- **Problem to solve**: Please print all the lines below exactly as they are written.

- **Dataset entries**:
====
(* Assume $p_0=0$ and the offspring law is of type $(d,\mu)$. There are constants $A>0$ and $\theta\in(0,1)$ such that for all $n\ge1$, $1\le j\le n$, $h\ge0$ and $t\in J_j$, $$\big|f_n(e^{-h/c_n+it})\big|\le\begin{cases}A\,p_1^{\,n-j+1}&\text{in the Schröder case},\\ \theta^{(\mu^{n-j+1})}&\text{in all cases},\end{cases}$$ where $J_j:=\{t\in\mathbb R:\ c_j^{-1}\pi d^{-1}\le|t|\le c_{j-1}^{-1}\pi d^{-1}\}$.
   Context: $Z$ is a supercritical Galton–Watson process with $Z_0=1$ and non-degenerate offspring generating function $f(s)=\sum_{j\ge0}p_js^j$ (extended to the closed complex unit disc), mean $m=f'(1)\in(1,\infty)$; $f_n$ denotes the $n$-th iterate of $f$. Type $(d,\mu)$: $d$ is the gcd of $\{j-\ell:\ j\ne\ell,\ p_jp_\ell>0\}$ and $\mu$ the minimal $j$ with $p_j>0$. Schröder case: $p_0+p_1>0$. $(c_n)_{n\ge0}$ is a fixed sequence of positive constants with $c_0=1$, $c_n<c_{n+1}\le mc_n$, $c_n=m^nL(m^n)$ for some slowly varying $L$ ($c_n=m^n$ if $\mathbf EZ_1\log Z_1<\infty$), such that $c_n^{-1}Z_n\to W$ a.s. for a non-degenerate $W$ whose law on $(0,\infty)$ is absolutely continuous. *)

theory Defs
  imports "HOL-Probability.Probability"
begin

definition gf :: "(nat \<Rightarrow> real) \<Rightarrow> complex \<Rightarrow> complex" where
  "gf p s = (\<Sum>j. complex_of_real (p j) * s ^ j)"

definition span_d :: "(nat \<Rightarrow> real) \<Rightarrow> nat" where
  "span_d p = Gcd {j - l | j l. l < j \<and> p j * p l > 0}"

definition min_mu :: "(nat \<Rightarrow> real) \<Rightarrow> nat" where
  "min_mu p = (LEAST j. p j > 0)"

text \<open>Galton--Watson process built from offspring variables xi n k
  (number of children of the k-th individual of generation n), Z_0 = 1.\<close>
fun GW :: "(nat \<Rightarrow> nat \<Rightarrow> 'a \<Rightarrow> nat) \<Rightarrow> nat \<Rightarrow> 'a \<Rightarrow> nat" where
  "GW \<xi> 0 \<omega> = 1"
| "GW \<xi> (Suc n) \<omega> = (\<Sum>k<GW \<xi> n \<omega>. \<xi> n k \<omega>)"

definition slowly_varying :: "(real \<Rightarrow> real) \<Rightarrow> bool" where
  "slowly_varying L \<longleftrightarrow> L \<in> borel_measurable borel \<and> (\<forall>x>0. L x > 0) \<and>
     (\<forall>a>0. ((\<lambda>x. L (a * x) / L x) \<longlongrightarrow> 1) at_top)"

end

theory Submission
  imports Defs
begin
====
- **Answer to this problem**:
(* Assume $p_0=0$ and the offspring law is of type $(d,\mu)$. There are constants $A>0$ and $\theta\in(0,1)$ such that for all $n\ge1$, $1\le j\le n$, $h\ge0$ and $t\in J_j$, $$\big|f_n(e^{-h/c_n+it})\big|\le\begin{cases}A\,p_1^{\,n-j+1}&\text{in the Schröder case},\\ \theta^{(\mu^{n-j+1})}&\text{in all cases},\end{cases}$$ where $J_j:=\{t\in\mathbb R:\ c_j^{-1}\pi d^{-1}\le|t|\le c_{j-1}^{-1}\pi d^{-1}\}$.
   Context: $Z$ is a supercritical Galton–Watson process with $Z_0=1$ and non-degenerate offspring generating function $f(s)=\sum_{j\ge0}p_js^j$ (extended to the closed complex unit disc), mean $m=f'(1)\in(1,\infty)$; $f_n$ denotes the $n$-th iterate of $f$. Type $(d,\mu)$: $d$ is the gcd of $\{j-\ell:\ j\ne\ell,\ p_jp_\ell>0\}$ and $\mu$ the minimal $j$ with $p_j>0$. Schröder case: $p_0+p_1>0$. $(c_n)_{n\ge0}$ is a fixed sequence of positive constants with $c_0=1$, $c_n<c_{n+1}\le mc_n$, $c_n=m^nL(m^n)$ for some slowly varying $L$ ($c_n=m^n$ if $\mathbf EZ_1\log Z_1<\infty$), such that $c_n^{-1}Z_n\to W$ a.s. for a non-degenerate $W$ whose law on $(0,\infty)$ is absolutely continuous. *)

theory Defs
  imports "HOL-Probability.Probability"
begin

definition gf :: "(nat \<Rightarrow> real) \<Rightarrow> complex \<Rightarrow> complex" where
  "gf p s = (\<Sum>j. complex_of_real (p j) * s ^ j)"

definition span_d :: "(nat \<Rightarrow> real) \<Rightarrow> nat" where
  "span_d p = Gcd {j - l | j l. l < j \<and> p j * p l > 0}"

definition min_mu :: "(nat \<Rightarrow> real) \<Rightarrow> nat" where
  "min_mu p = (LEAST j. p j > 0)"

text \<open>Galton--Watson process built from offspring variables xi n k
  (number of children of the k-th individual of generation n), Z_0 = 1.\<close>
fun GW :: "(nat \<Rightarrow> nat \<Rightarrow> 'a \<Rightarrow> nat) \<Rightarrow> nat \<Rightarrow> 'a \<Rightarrow> nat" where
  "GW \<xi> 0 \<omega> = 1"
| "GW \<xi> (Suc n) \<omega> = (\<Sum>k<GW \<xi> n \<omega>. \<xi> n k \<omega>)"

definition slowly_varying :: "(real \<Rightarrow> real) \<Rightarrow> bool" where
  "slowly_varying L \<longleftrightarrow> L \<in> borel_measurable borel \<and> (\<forall>x>0. L x > 0) \<and>
     (\<forall>a>0. ((\<lambda>x. L (a * x) / L x) \<longlongrightarrow> 1) at_top)"

end

theory Submission
  imports Defs
begin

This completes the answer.